Несколько людей, между собой ничем не связанных, но погибших странно. Жили-были, молодые, трое даже совсем юные, одна женщина лет сорока, тоже не старуха. Все вполне здоровые, танцевали, рисовали, а потом раз и нет их. Лежат перед камерами счастливо улыбающиеся тела. Мертвые тела. Никаких повреждений. Обрадовались чему-то и умерли. Вспомнил строки из «Сказки о Царе Салтане» Пушкина: «Тяжелешенько вздохнула, восхищенья не снесла, и к обедне умерла».
Занес все данные про погибших в компьютер. Просмотрел их общение в соцсетях и набросал план завтрашних хождений и разговоров со свидетелями. Просмотрел разнообразную инфу о якобы ухудшившемся криминальном положении в городе. Да, драк, битых витрин, вандализма стало больше. Причем, драки вспыхивали на ровном месте, подожженные немотивированной агрессией. Вдруг подрались школьники двух соседних школ. Шли стенка на стенку, как в девяностых. Про подобное рассказывали с восхищением старшие товарищи. Сами участвовали, наверное. Только нынешнее поколение Z от компа или смартфона трактором не оторвёшь и звездой небесной из дома не выманишь, а тут собрались сообща, заранее договорились, и пошли ломать друг другу челюсти и носы фантастика! Погуглил все сайты, которые об этом писали, составил небольшую схемку, и остался доволен, кое-что совпадало с моими мыслями.

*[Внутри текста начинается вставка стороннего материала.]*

lemma perm_cons_in_perms:
  assumes v: "v \<in> {1..Suc n}" and q: "q \<in> perms n"
  shows "perm_cons v q \<in> perms (Suc n)"
proof -
  have "distinct q" "set q = {1..n}" using q by (auto simp: perms_def)
  then show ?thesis
    using v lift_image_atLeastAtMost[OF v] inj_lift[of v]
    by (auto simp: perms_def perm_cons_def distinct_map inj_on_subset[OF inj_lift])
qed

lemma
  assumes p: "p \<in> perms (Suc n)"
  shows perm_tl_in_perms: "perm_tl p \<in> perms n"
    and perm_cons_hd_perm_tl: "perm_cons (hd p) (perm_tl p) = p"
    and hd_in_perms: "hd p \<in> {1..Suc n}"
proof -
  obtain v q where pq: "p = v # q" using length_perms[OF p] by (cases p) auto
  have d: "distinct q" "v \<notin> set q" and s: "insert v (set q) = {1..Suc n}"
    using p pq by (auto simp: perms_def)
  then show "hd p \<in> {1..Suc n}" using pq by auto
  have "map (lift v) (map (unlift v) q) = q"
    using d by (auto intro!: map_idI simp: lift_def unlift_def)
  then show "perm_cons (hd p) (perm_tl p) = p"
    by (simp add: perm_cons_def perm_tl_def pq)
  have "inj_on (unlift v) (set q)"
    using d by (intro inj_onI) (metis lift_unlift)
  moreover have "unlift v ` set q = {1..n}"
  proof -
    have "set q = {1..Suc n} - {v}" using s d by auto
    also have "\<dots> = lift v ` {1..n}" using s by (intro lift_image_atLeastAtMost[symmetric]) auto
    finally show ?thesis by (simp add: image_image)
  qed
  ultimately show "perm_tl p \<in> perms n"
    using d by (simp add: perms_def perm_tl_def pq distinct_map)
qed

section \<open>Order isomorphism and occurrences\<close>

lemma order_iso_refl: "order_iso xs xs"
  and order_iso_sym: "order_iso xs ys \<Longrightarrow> order_iso ys xs"
  and order_iso_trans: "order_iso xs ys \<Longrightarrow> order_iso ys zs \<Longrightarrow> order_iso xs zs"
  by (simp_all add: order_iso_def)

lemma order_iso_length: "order_iso xs ys \<Longrightarrow> length xs = length ys"
  and order_iso_nth:
    "order_iso xs ys \<Longrightarrow> i < length xs \<Longrightarrow> j < length xs \<Longrightarrow> (xs ! i < xs ! j) = (ys ! i < ys ! j)"
  by (simp_all add: order_iso_def)

lemma order_iso_take: "order_iso xs ys \<Longrightarrow> order_iso (take a xs) (take a ys)"
  and order_iso_drop: "order_iso xs ys \<Longrightarrow> order_iso (drop a xs) (drop a ys)"
  by (auto simp: order_iso_def)

lemma order_iso_map:
  assumes "\<And>x y. x \<in> set xs \<Longrightarrow> y \<in> set xs \<Longrightarrow> f x < f y \<longleftrightarrow> x < y"
  shows "order_iso (map f xs) xs"
  using assms by (simp add: order_iso_def)

lemma occs_order_iso: "order_iso p p' \<Longrightarrow> occs sigma p = occs sigma p'"
  unfolding occs_def
  by (metis (no_types, lifting) order_iso_drop order_iso_length order_iso_sym order_iso_take
      order_iso_trans)

lemma is_cluster_order_iso: "order_iso p p' \<Longrightarrow> is_cluster sigma p = is_cluster sigma p'"
  unfolding is_cluster_def by (simp add: occs_order_iso order_iso_length)

lemma finite_occs: "finite (occs sigma p)"
  by (rule finite_subset[of _ "{..length p}"]) (auto simp: occs_def)

lemma Suc_in_occs_Cons: "Suc i \<in> occs sigma (x # xs) \<longleftrightarrow> i \<in> occs sigma xs"
  unfolding occs_def by simp

lemma in_occs_drop_iff: "g \<le> length p \<Longrightarrow> i \<in> occs sigma (drop g p) \<longleftrightarrow> i + g \<in> occs sigma p"
  unfolding occs_def by (auto simp: add.commute)

lemma Suc_in_occs_perm_cons: "Suc i \<in> occs sigma (perm_cons v q) \<longleftrightarrow> i \<in> occs sigma q"
proof -
  have "occs sigma (map (lift v) q) = occs sigma q"
    by (intro occs_order_iso order_iso_map) simp
  then show ?thesis unfolding perm_cons_def by (simp add: Suc_in_occs_Cons)
qed

lemma order_iso_perm_tl:
  assumes "distinct p"
  shows "order_iso (perm_tl p) (tl p)"
  unfolding perm_tl_def
proof (rule order_iso_map)
  fix x y assume "x \<in> set (tl p)" "y \<in> set (tl p)"
  then have "x \<noteq> hd p" "y \<noteq> hd p" using assms by (cases p; auto)+
  then show "unlift (hd p) x < unlift (hd p) y \<longleftrightarrow> x < y" by (rule unlift_less_unlift_iff)
qed

lemma perm_tl_funpow:
  assumes p: "p \<in> perms n" and j: "j \<le> n"
  shows "(perm_tl ^^ j) p \<in> perms (n - j) \<and> order_iso ((perm_tl ^^ j) p) (drop j p)"
  using j
proof (induction j)
  case 0
  show ?case using p by (simp add: order_iso_refl)
next
  case (Suc j)
  let ?x = "(perm_tl ^^ j) p"
  have x: "?x \<in> perms (Suc (n - Suc j))" and o: "order_iso ?x (drop j p)"
    using Suc by (simp_all add: Suc_diff_Suc)
  have "order_iso (perm_tl ?x) (tl ?x)"
    using x by (intro order_iso_perm_tl) (simp add: perms_def)
  moreover have "order_iso (tl ?x) (drop (Suc j) p)"
    using order_iso_drop[OF o, of 1] by (simp add: drop_Suc)
  ultimately have "order_iso (perm_tl ?x) (drop (Suc j) p)" by (rule order_iso_trans)
  then show ?case using perm_tl_in_perms[OF x] by simp
qed

lemma hd_eq_1_iff:
  assumes p: "p \<in> perms (Suc n)"
  shows "hd p = 1 \<longleftrightarrow> (\<forall>i < Suc n. 0 < i \<longrightarrow> p ! 0 < p ! i)"
proof -
  have l: "length p = Suc n" and d: "distinct p" "set p = {1..Suc n}"
    using length_perms[OF p] p by (auto simp: perms_def)
  have hd: "hd p = p ! 0" using l by (cases p) auto
  have entries: "i < Suc n \<Longrightarrow> p ! i \<in> {1..Suc n}" for i
    using d l by (metis nth_mem)
  show ?thesis
  proof
    assume h: "hd p = 1"
    show "\<forall>i < Suc n. 0 < i \<longrightarrow> p ! 0 < p ! i"
    proof (intro allI impI)
      fix i assume i: "i < Suc n" "0 < i"
      then have "p ! i \<noteq> p ! 0" using d l by (simp add: nth_eq_iff_index_eq)
      then show "p ! 0 < p ! i" using entries[OF i(1)] h hd by auto
    qed
  next
    assume min: "\<forall>i < Suc n. 0 < i \<longrightarrow> p ! 0 < p ! i"
    have "1 \<in> set p" using d by simp
    then obtain i where i: "i < Suc n" "p ! i = 1" using l by (metis in_set_conv_nth)
    then show "hd p = 1"
      using min entries[of 0] hd by (cases "i = 0") fastforce+
  qed
qed

section \<open>Occurrences and clusters of \<open>\<tau>\<^sub>m\<close>\<close>

lemma length_tau: "m \<ge> 2 \<Longrightarrow> length (tau m) = m"
  by (simp add: tau_def)

lemma tau_nth: "j < m \<Longrightarrow> tau m ! j = (if j = 0 then 1 else if j = 1 then m else j)"
  by (auto simp: tau_def nth_append nth_Cons split: nat.split)

lemma distinct_tau: "m \<ge> 2 \<Longrightarrow> distinct (tau m)"
  by (simp add: tau_def)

На работе задерживаться не стал, потому что пошли все на
Зашел в магазин, купил пиццу и отправился домой, где включил нормальный, не такой, как на работе, комп (хотя и офисный немного апгрейдил втихаря), и, наконец, расслабился за тем, что считал первостепенным занятием стал искать связь и выходы на Бэдмена.
Глава 2. Марина
Марина любила сидеть на подоконнике, обнимая коленки руками. Наверно, так она любила сидеть в детстве. Давным-давно в детстве. Не очень удобно, зато виден город. Далеко виден. Хорошо, что бабушка жила так высоко двенадцатый этаж.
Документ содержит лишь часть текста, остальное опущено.